Prompt - Until you reach the line containing "using assms by (rule permutes_inv)", reproduce each line of the listing exactly, please, and include that line as well.

Task inputs -
lemma bij_betw_permute_list_words:
  assumes "\<sigma> permutes {..<n}"
  shows "bij_betw (permute_list \<sigma>) (words q n) (words q n)"
proof (rule bij_betw_byWitness[where f' = "permute_list (inv \<sigma>)"])
  have inv: "inv \<sigma> permutes {..<n}"
    using assms by (rule permutes_inv)
  show "\<forall>z\<in>words q n. permute_list (inv \<sigma>) (permute_list \<sigma> z) = z"
    using inv permutes_inv_o(1)[OF assms] unfolding words_def
    by (metis (mono_tags) mem_Collect_eq permute_list_compose permute_list_id)
  show "\<forall>z\<in>words q n. permute_list \<sigma> (permute_list (inv \<sigma>) z) = z"
    using assms permutes_inv_o(2)[OF assms] unfolding words_def
    by (metis (mono_tags) mem_Collect_eq permute_list_compose permute_list_id)
  show "permute_list \<sigma> ` words q n \<subseteq> words q n"
    using assms unfolding words_def by auto
  show "permute_list (inv \<sigma>) ` words q n \<subseteq> words q n"
    using inv unfolding words_def by auto
qed

lemma chan_prob_permute_list:
  assumes "\<sigma> permutes {..<length x}" "length z = length x"
  shows "chan_prob U (permute_list \<sigma> x) (permute_list \<sigma> z) = chan_prob U x z"
  using assms prod.permute[OF assms(1), of "\<lambda>k. U (x ! k) (z ! k)"]
  unfolding chan_prob_def by (simp add: permute_list_nth comp_def)

lemma chan_expect_permute_list:
  assumes "\<sigma> permutes {..<length x}"
  shows "chan_expect q U (permute_list \<sigma> x) g = chan_expect q U x (\<lambda>z. g (permute_list \<sigma> z))"
proof -
  have "chan_expect q U (permute_list \<sigma> x) g
      = (\<Sum>z\<in>words q (length x). chan_prob U (permute_list \<sigma> x) (permute_list \<sigma> z) * g (permute_list \<sigma> z))"
    unfolding chan_expect_def length_permute_list
    by (rule sum.reindex_bij_betw[OF bij_betw_permute_list_words[OF assms], symmetric])
  also have "\<dots> = chan_expect q U x (\<lambda>z. g (permute_list \<sigma> z))"
    unfolding chan_expect_def using assms
    by (intro sum.cong refl) (simp add: chan_prob_permute_list words_def)
  finally show ?thesis .
qed

lemma out_prob_mset_eq:
  assumes "mset x = mset y"
  shows "out_prob q U x w = out_prob q U y w"
proof -
  obtain \<sigma> where \<sigma>: "\<sigma> permutes {..<length y}" "permute_list \<sigma> y = x"
    using mset_eq_permutation[OF assms] by blast
  have "composition (permute_list \<sigma> z) = composition z" if "z \<in> words q (length y)" for z
    using that \<sigma>(1) by (intro composition_permute_list) (simp add: words_def)
  then show ?thesis
    unfolding out_prob_def \<sigma>(2)[symmetric] chan_expect_permute_list[OF \<sigma>(1)]
    unfolding chan_expect_def by (intro sum.cong) auto
qed

lemma ncc_eq_out_prob:
  assumes "y \<in> words q n" "composition y = t"
  shows "ncc q n U w t = out_prob q U y w"
proof -
  define x where "x = (SOME x. x \<in> words q n \<and> composition x = t)"
  have x: "x \<in> words q n" "composition x = t"
    using someI_ex[of "\<lambda>x. x \<in> words q n \<and> composition x = t"] assms unfolding x_def by blast+
  then have "length x = n"
    unfolding words_def by simp
  then have "ncc q n U w t = out_prob q U x w"
    unfolding ncc_def out_prob_def chan_expect_def chan_prob_def x_def[symmetric] Let_def
    by (simp add: sum.inter_filter[OF finite_words, symmetric] of_bool_def if_distrib cong: if_cong)
  also have "\<dots> = out_prob q U y w"
    using x(2) assms(2) unfolding composition_def
    by (intro out_prob_mset_eq) (simp add: multiset_eq_iff fun_eq_iff flip: count_mset)
  finally show ?thesis .
qed

definition out_prob_plus :: "nat \<Rightarrow> (nat \<Rightarrow> nat \<Rightarrow> real) \<Rightarrow> nat list \<Rightarrow> nat \<Rightarrow> (nat \<Rightarrow> nat) \<Rightarrow> real" where
  "out_prob_plus q U r d w = chan_expect q U r (\<lambda>z. of_bool (composition (d # z) = w))"

lemma out_prob_Cons: "out_prob q U (c # r) w = (\<Sum>d<q. U c d * out_prob_plus q U r d w)"
  unfolding out_prob_def out_prob_plus_def by (rule chan_expect_Cons)

lemma chan_expect_first_symbol:
  assumes "d < q"
  shows "chan_expect q U (c # r) (\<lambda>z. of_bool (composition z = w) * of_bool (z ! 0 = d))
    = U c d * out_prob_plus q U r d w"
proof -
  have "chan_expect q U r (\<lambda>z. of_bool (composition (e # z) = w) * of_bool (e = d))
      = (if e = d then out_prob_plus q U r d w else 0)" for e
    unfolding out_prob_plus_def chan_expect_def by simp
  then show ?thesis
    using assms unfolding chan_expect_Cons by (simp add: if_distrib[of "(*) _"] cong: if_cong)
qed

text \<open>The positions of the input carrying the first symbol are exchangeable: a transposition
  moving any of them to the front fixes the input and preserves the output composition.\<close>

lemma chan_expect_count_exchange:
  assumes G: "G \<subseteq> {i. i < length (c # r) \<and> (c # r) ! i = c}" and d: "d < q"
  shows "chan_expect q U (c # r) (\<lambda>z. of_bool (composition z = w) * (\<Sum>i\<in>G. of_bool (z ! i = d)))
    = card G * (U c d * out_prob_plus q U r d w)"
proof -
  let ?x = "c # r"
  have "chan_expect q U ?x (\<lambda>z. of_bool (composition z = w) * of_bool (z ! i = d))
      = U c d * out_prob_plus q U r d w" if "i \<in> G" for i
  proof -
    define \<tau> where "\<tau> = Transposition.transpose 0 i"
    have i: "i < length ?x" "?x ! i = c"
      using that G by auto
    then have \<tau>: "\<tau> permutes {..<length ?x}"
      unfolding \<tau>_def by (intro permutes_swap_id) auto
    have fix_x: "permute_list \<tau> ?x = ?x"
      using \<tau> i unfolding \<tau>_def
      by (intro nth_equalityI) (auto simp: permute_list_nth Transposition.transpose_def)
    have "U c d * out_prob_plus q U r d w
        = chan_expect q U (permute_list \<tau> ?x) (\<lambda>z. of_bool (composition z = w) * of_bool (z ! 0 = d))"
      unfolding fix_x chan_expect_first_symbol[OF d] ..
    also have "\<dots> = chan_expect q U ?x
        (\<lambda>z. of_bool (composition (permute_list \<tau> z) = w) * of_bool (permute_list \<tau> z ! 0 = d))"
      by (rule chan_expect_permute_list[OF \<tau>])
    also have "\<dots> = chan_expect q U ?x (\<lambda>z. of_bool (composition z = w) * of_bool (z ! i = d))"
      using \<tau> i unfolding \<tau>_def
      by (intro chan_expect_cong) (simp add: words_def composition_permute_list permute_list_nth)
    finally show ?thesis ..
  qed
  then show ?thesis
    by (simp add: sum_distrib_left chan_expect_sum)
qed

definition ncc_dist :: "nat \<Rightarrow> nat \<Rightarrow> (nat \<Rightarrow> nat \<Rightarrow> real) \<Rightarrow> (nat \<Rightarrow> nat) \<Rightarrow> (nat \<Rightarrow> nat) \<Rightarrow> real" where
  "ncc_dist q n U t t' = (\<Sum>w\<in>comps q n. \<bar>ncc q n U w t - ncc q n U w t'\<bar>)"

lemma ncc_dist_self: "ncc_dist q n U t t = 0"
  unfolding ncc_dist_def by simp

lemma ncc_dist_triangle: "ncc_dist q n U t t' \<le> ncc_dist q n U t s + ncc_dist q n U s t'"
  unfolding ncc_dist_def sum.distrib[symmetric] by (intro sum_mono) linarith

lemma ncc_output_diff:
  assumes ts: "\<forall>i<k. ts i \<in> comps q n \<and> ts' i \<in> comps q n"
    and Q: "\<forall>t\<in>comps q n.
      Q2 t = Q1 t + (\<Sum>i<k. p i * ((if t = ts' i then 1 else 0) - (if t = ts i then 1 else 0)))"
  shows "ncc_output q n U Q1 w - ncc_output q n U Q2 w
    = (\<Sum>i<k. p i * (ncc q n U w (ts i) - ncc q n U w (ts' i)))"
proof -
  have "ncc_output q n U Q1 w - ncc_output q n U Q2 w = (\<Sum>t\<in>comps q n. (Q1 t - Q2 t) * ncc q n U w t)"
    unfolding ncc_output_def by (simp add: sum_subtractf left_diff_distrib)
  also have "\<dots> = (\<Sum>t\<in>comps q n. \<Sum>i<k. p i *
      ((if t = ts i then ncc q n U w t else 0) - (if t = ts' i then ncc q n U w t else 0)))"
  proof (intro sum.cong refl)
    fix t
    assume "t \<in> comps q n"
    then have diff:
      "Q1 t - Q2 t = (\<Sum>i<k. p i * ((if t = ts i then 1 else 0) - (if t = ts' i then 1 else 0)))"
      using Q by (simp add: sum_negf[symmetric] algebra_simps)
    show "(Q1 t - Q2 t) * ncc q n U w t = (\<Sum>i<k. p i *
        ((if t = ts i then ncc q n U w t else 0) - (if t = ts' i then ncc q n U w t else 0)))"
      unfolding diff sum_distrib_right by (intro sum.cong) auto
  qed
  also have "\<dots> = (\<Sum>i<k. p i * ((\<Sum>t\<in>comps q n. if t = ts i then ncc q n U w t else 0)
      - (\<Sum>t\<in>comps q n. if t = ts' i then ncc q n U w t else 0)))"
    by (simp add: sum.swap[of _ "comps q n"] sum_distrib_left sum_subtractf right_diff_distrib)
  also have "\<dots> = (\<Sum>i<k. p i * (ncc q n U w (ts i) - ncc q n U w (ts' i)))"
    using ts by (intro sum.cong) (simp_all add: finite_comps)
  finally show ?thesis .
qed

section \<open>Bounds for a stochastic channel\<close>

context
  fixes q :: nat and U :: "nat \<Rightarrow> nat \<Rightarrow> real"
  assumes U_nonneg: "\<And>a b. a < q \<Longrightarrow> b < q \<Longrightarrow> 0 \<le> U a b"
    and U_row_sum: "\<And>a. a < q \<Longrightarrow> (\<Sum>b<q. U a b) = 1"
begin

lemma chan_prob_nonneg:
  assumes "set x \<subseteq> {..<q}" "z \<in> words q (length x)"
  shows "0 \<le> chan_prob U x z"
  using assms unfolding chan_prob_def words_def
  by (intro prod_nonneg) (auto intro!: U_nonneg nth_less_bound)

lemma chan_expect_mono:
  assumes "set x \<subseteq> {..<q}" "\<And>z. z \<in> words q (length x) \<Longrightarrow> f z \<le> g z"
  shows "chan_expect q U x f \<le> chan_expect q U x g"
  unfolding chan_expect_def using assms chan_prob_nonneg
  by (intro sum_mono mult_left_mono) auto

lemma chan_expect_const:
  assumes "set x \<subseteq> {..<q}"
  shows "chan_expect q U x (\<lambda>z. c) = c"
proof -
  have "chan_expect q U x (\<lambda>z. \<Prod>k<length x. 1) = 1"
    using assms chan_expect_prod[of q U x "\<lambda>k c. 1"] by (simp add: U_row_sum nth_less_bound)
  then show ?thesis
    using chan_expect_cmult[of q U x c "\<lambda>z. 1"] by simp
qed

lemma chan_expect_indicators:
  assumes x: "set x \<subseteq> {..<q}" and S: "S \<subseteq> {..<length x}" and d: "d < q"
  shows "chan_expect q U x (\<lambda>z. \<Prod>k\<in>S. of_bool (z ! k = d)) = (\<Prod>k\<in>S. U (x ! k) d)"
proof -
  have restrict: "prod f S = (\<Prod>k<length x. if k \<in> S then f k else 1)" for f :: "nat \<Rightarrow> real"
    using prod.inter_restrict[of "{..<length x}" f S] S by (simp add: Int_absorb1)
  have row: "(\<Sum>c<q. U (x ! k) c * (if k \<in> S then of_bool (c = d) else 1))
      = (if k \<in> S then U (x ! k) d else 1)" if "k < length x" for k
    using that x d U_row_sum[of "x ! k"] by (cases "k \<in> S") (simp_all add: nth_less_bound)
  show ?thesis
    unfolding restrict chan_expect_prod[of q U x "\<lambda>k c. if k \<in> S then of_bool (c = d) else 1"]
    by (intro prod.cong) (simp_all add: row)
qed

lemma chan_expect_abs_le_sqrt:
  assumes "set x \<subseteq> {..<q}"
  shows "chan_expect q U x (\<lambda>z. \<bar>X z\<bar>) \<le> sqrt (chan_expect q U x (\<lambda>z. (X z)\<^sup>2))"
proof (rule real_le_rsqrt)
  define \<mu> where "\<mu> = chan_expect q U x (\<lambda>z. \<bar>X z\<bar>)"
  have "0 \<le> chan_expect q U x (\<lambda>z. (\<bar>X z\<bar> - \<mu>)\<^sup>2)"
    using chan_expect_mono[OF assms, of "\<lambda>z. 0"] chan_expect_const[OF assms, of 0] by simp
  also have "\<dots> = chan_expect q U x (\<lambda>z. (X z)\<^sup>2 - (2 * \<mu>) * \<bar>X z\<bar> + \<mu>\<^sup>2)"
    by (rule arg_cong[where f = "chan_expect q U x"]) (simp add: fun_eq_iff power2_diff algebra_simps)
  also have "\<dots> = chan_expect q U x (\<lambda>z. (X z)\<^sup>2) - \<mu>\<^sup>2"
    unfolding chan_expect_add chan_expect_diff chan_expect_cmult chan_expect_const[OF assms]
      \<mu>_def[symmetric] by (simp add: power2_eq_square)
  finally show "\<mu>\<^sup>2 \<le> chan_expect q U x (\<lambda>z. (X z)\<^sup>2)" by simp
qed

Task output -
lemma bij_betw_permute_list_words:
  assumes "\<sigma> permutes {..<n}"
  shows "bij_betw (permute_list \<sigma>) (words q n) (words q n)"
proof (rule bij_betw_byWitness[where f' = "permute_list (inv \<sigma>)"])
  have inv: "inv \<sigma> permutes {..<n}"
    using assms by (rule permutes_inv)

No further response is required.